» **Data records**
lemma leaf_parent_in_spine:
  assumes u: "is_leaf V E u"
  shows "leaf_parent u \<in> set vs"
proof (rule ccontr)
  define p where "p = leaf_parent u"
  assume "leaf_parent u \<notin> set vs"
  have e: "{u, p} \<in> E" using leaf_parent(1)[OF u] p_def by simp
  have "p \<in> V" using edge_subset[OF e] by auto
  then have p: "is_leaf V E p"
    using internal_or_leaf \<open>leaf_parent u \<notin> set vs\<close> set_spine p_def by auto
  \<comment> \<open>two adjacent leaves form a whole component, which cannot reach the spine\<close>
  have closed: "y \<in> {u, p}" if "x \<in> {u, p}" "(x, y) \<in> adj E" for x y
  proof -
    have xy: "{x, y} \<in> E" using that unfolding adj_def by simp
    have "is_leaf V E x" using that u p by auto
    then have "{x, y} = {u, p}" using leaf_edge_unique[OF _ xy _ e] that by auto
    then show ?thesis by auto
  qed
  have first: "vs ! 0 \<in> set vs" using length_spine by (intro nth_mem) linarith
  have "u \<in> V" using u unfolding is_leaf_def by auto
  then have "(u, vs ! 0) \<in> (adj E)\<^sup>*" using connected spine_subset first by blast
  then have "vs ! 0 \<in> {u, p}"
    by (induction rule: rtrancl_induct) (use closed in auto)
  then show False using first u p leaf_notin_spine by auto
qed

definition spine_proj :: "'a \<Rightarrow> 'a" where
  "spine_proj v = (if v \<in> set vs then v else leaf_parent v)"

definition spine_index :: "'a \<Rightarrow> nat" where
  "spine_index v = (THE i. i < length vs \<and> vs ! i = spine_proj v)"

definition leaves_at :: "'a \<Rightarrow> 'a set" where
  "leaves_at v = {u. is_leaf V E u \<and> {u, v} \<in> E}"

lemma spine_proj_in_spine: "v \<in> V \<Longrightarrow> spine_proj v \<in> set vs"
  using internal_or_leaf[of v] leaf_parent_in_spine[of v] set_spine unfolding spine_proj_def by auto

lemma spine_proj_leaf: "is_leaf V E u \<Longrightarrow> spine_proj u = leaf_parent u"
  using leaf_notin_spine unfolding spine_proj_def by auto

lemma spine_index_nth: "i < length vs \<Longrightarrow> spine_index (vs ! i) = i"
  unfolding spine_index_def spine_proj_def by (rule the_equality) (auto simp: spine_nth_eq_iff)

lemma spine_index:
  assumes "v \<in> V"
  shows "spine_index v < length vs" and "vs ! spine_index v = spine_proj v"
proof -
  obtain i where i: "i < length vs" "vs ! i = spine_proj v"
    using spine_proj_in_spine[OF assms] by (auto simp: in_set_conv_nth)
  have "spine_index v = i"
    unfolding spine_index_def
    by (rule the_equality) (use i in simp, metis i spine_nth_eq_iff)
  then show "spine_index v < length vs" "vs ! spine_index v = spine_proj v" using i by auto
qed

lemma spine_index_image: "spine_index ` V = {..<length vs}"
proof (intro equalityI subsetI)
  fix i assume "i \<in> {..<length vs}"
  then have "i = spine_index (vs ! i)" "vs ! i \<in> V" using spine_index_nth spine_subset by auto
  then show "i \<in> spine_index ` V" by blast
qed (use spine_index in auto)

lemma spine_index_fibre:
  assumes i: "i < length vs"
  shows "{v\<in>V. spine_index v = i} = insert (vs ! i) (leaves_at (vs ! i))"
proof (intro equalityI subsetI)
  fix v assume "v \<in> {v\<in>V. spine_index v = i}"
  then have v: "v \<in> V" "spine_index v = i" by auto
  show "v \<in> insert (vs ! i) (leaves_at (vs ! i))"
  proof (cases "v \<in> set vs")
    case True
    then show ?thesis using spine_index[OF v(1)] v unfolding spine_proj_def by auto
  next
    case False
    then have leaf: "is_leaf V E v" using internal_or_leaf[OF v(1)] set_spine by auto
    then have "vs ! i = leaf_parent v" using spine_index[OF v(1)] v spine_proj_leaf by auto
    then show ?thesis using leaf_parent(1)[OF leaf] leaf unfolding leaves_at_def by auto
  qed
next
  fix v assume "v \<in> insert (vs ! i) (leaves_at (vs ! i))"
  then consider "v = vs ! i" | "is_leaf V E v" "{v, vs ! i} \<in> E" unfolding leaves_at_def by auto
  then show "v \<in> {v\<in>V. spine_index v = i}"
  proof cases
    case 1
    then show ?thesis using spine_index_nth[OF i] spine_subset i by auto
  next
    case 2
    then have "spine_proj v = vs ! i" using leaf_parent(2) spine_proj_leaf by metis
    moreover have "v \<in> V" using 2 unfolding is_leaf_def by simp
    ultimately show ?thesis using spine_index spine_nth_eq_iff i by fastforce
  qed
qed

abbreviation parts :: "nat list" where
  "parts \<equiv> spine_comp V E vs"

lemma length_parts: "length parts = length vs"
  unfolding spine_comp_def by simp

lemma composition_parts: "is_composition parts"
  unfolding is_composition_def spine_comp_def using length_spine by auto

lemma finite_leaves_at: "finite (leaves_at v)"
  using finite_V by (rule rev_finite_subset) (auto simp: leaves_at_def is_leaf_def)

» **Required action**
Give back the complete material, keeping every word exactly as written.

» **Response to this task**
lemma leaf_parent_in_spine:
  assumes u: "is_leaf V E u"
  shows "leaf_parent u \<in> set vs"
proof (rule ccontr)
  define p where "p = leaf_parent u"
  assume "leaf_parent u \<notin> set vs"
  have e: "{u, p} \<in> E" using leaf_parent(1)[OF u] p_def by simp
  have "p \<in> V" using edge_subset[OF e] by auto
  then have p: "is_leaf V E p"
    using internal_or_leaf \<open>leaf_parent u \<notin> set vs\<close> set_spine p_def by auto
  \<comment> \<open>two adjacent leaves form a whole component, which cannot reach the spine\<close>
  have closed: "y \<in> {u, p}" if "x \<in> {u, p}" "(x, y) \<in> adj E" for x y
  proof -
    have xy: "{x, y} \<in> E" using that unfolding adj_def by simp
    have "is_leaf V E x" using that u p by auto
    then have "{x, y} = {u, p}" using leaf_edge_unique[OF _ xy _ e] that by auto
    then show ?thesis by auto
  qed
  have first: "vs ! 0 \<in> set vs" using length_spine by (intro nth_mem) linarith
  have "u \<in> V" using u unfolding is_leaf_def by auto
  then have "(u, vs ! 0) \<in> (adj E)\<^sup>*" using connected spine_subset first by blast
  then have "vs ! 0 \<in> {u, p}"
    by (induction rule: rtrancl_induct) (use closed in auto)
  then show False using first u p leaf_notin_spine by auto
qed

definition spine_proj :: "'a \<Rightarrow> 'a" where
  "spine_proj v = (if v \<in> set vs then v else leaf_parent v)"

definition spine_index :: "'a \<Rightarrow> nat" where
  "spine_index v = (THE i. i < length vs \<and> vs ! i = spine_proj v)"

definition leaves_at :: "'a \<Rightarrow> 'a set" where
  "leaves_at v = {u. is_leaf V E u \<and> {u, v} \<in> E}"

lemma spine_proj_in_spine: "v \<in> V \<Longrightarrow> spine_proj v \<in> set vs"
  using internal_or_leaf[of v] leaf_parent_in_spine[of v] set_spine unfolding spine_proj_def by auto

lemma spine_proj_leaf: "is_leaf V E u \<Longrightarrow> spine_proj u = leaf_parent u"
  using leaf_notin_spine unfolding spine_proj_def by auto

lemma spine_index_nth: "i < length vs \<Longrightarrow> spine_index (vs ! i) = i"
  unfolding spine_index_def spine_proj_def by (rule the_equality) (auto simp: spine_nth_eq_iff)

lemma spine_index:
  assumes "v \<in> V"
  shows "spine_index v < length vs" and "vs ! spine_index v = spine_proj v"
proof -
  obtain i where i: "i < length vs" "vs ! i = spine_proj v"
    using spine_proj_in_spine[OF assms] by (auto simp: in_set_conv_nth)
  have "spine_index v = i"
    unfolding spine_index_def
    by (rule the_equality) (use i in simp, metis i spine_nth_eq_iff)
  then show "spine_index v < length vs" "vs ! spine_index v = spine_proj v" using i by auto
qed

lemma spine_index_image: "spine_index ` V = {..<length vs}"
proof (intro equalityI subsetI)
  fix i assume "i \<in> {..<length vs}"
  then have "i = spine_index (vs ! i)" "vs ! i \<in> V" using spine_index_nth spine_subset by auto
  then show "i \<in> spine_index ` V" by blast
qed (use spine_index in auto)

lemma spine_index_fibre:
  assumes i: "i < length vs"
  shows "{v\<in>V. spine_index v = i} = insert (vs ! i) (leaves_at (vs ! i))"
proof (intro equalityI subsetI)
  fix v assume "v \<in> {v\<in>V. spine_index v = i}"
  then have v: "v \<in> V" "spine_index v = i" by auto
  show "v \<in> insert (vs ! i) (leaves_at (vs ! i))"
  proof (cases "v \<in> set vs")
    case True
    then show ?thesis using spine_index[OF v(1)] v unfolding spine_proj_def by auto
  next
    case False
    then have leaf: "is_leaf V E v" using internal_or_leaf[OF v(1)] set_spine by auto
    then have "vs ! i = leaf_parent v" using spine_index[OF v(1)] v spine_proj_leaf by auto
    then show ?thesis using leaf_parent(1)[OF leaf] leaf unfolding leaves_at_def by auto
  qed
next
  fix v assume "v \<in> insert (vs ! i) (leaves_at (vs ! i))"
  then consider "v = vs ! i" | "is_leaf V E v" "{v, vs ! i} \<in> E" unfolding leaves_at_def by auto
  then show "v \<in> {v\<in>V. spine_index v = i}"
  proof cases
    case 1
    then show ?thesis using spine_index_nth[OF i] spine_subset i by auto
  next
    case 2
    then have "spine_proj v = vs ! i" using leaf_parent(2) spine_proj_leaf by metis
    moreover have "v \<in> V" using 2 unfolding is_leaf_def by simp
    ultimately show ?thesis using spine_index spine_nth_eq_iff i by fastforce
  qed
qed

abbreviation parts :: "nat list" where
  "parts \<equiv> spine_comp V E vs"

lemma length_parts: "length parts = length vs"
  unfolding spine_comp_def by simp

lemma composition_parts: "is_composition parts"
  unfolding is_composition_def spine_comp_def using length_spine by auto

lemma finite_leaves_at: "finite (leaves_at v)"
  using finite_V by (rule rev_finite_subset) (auto simp: leaves_at_def is_leaf_def)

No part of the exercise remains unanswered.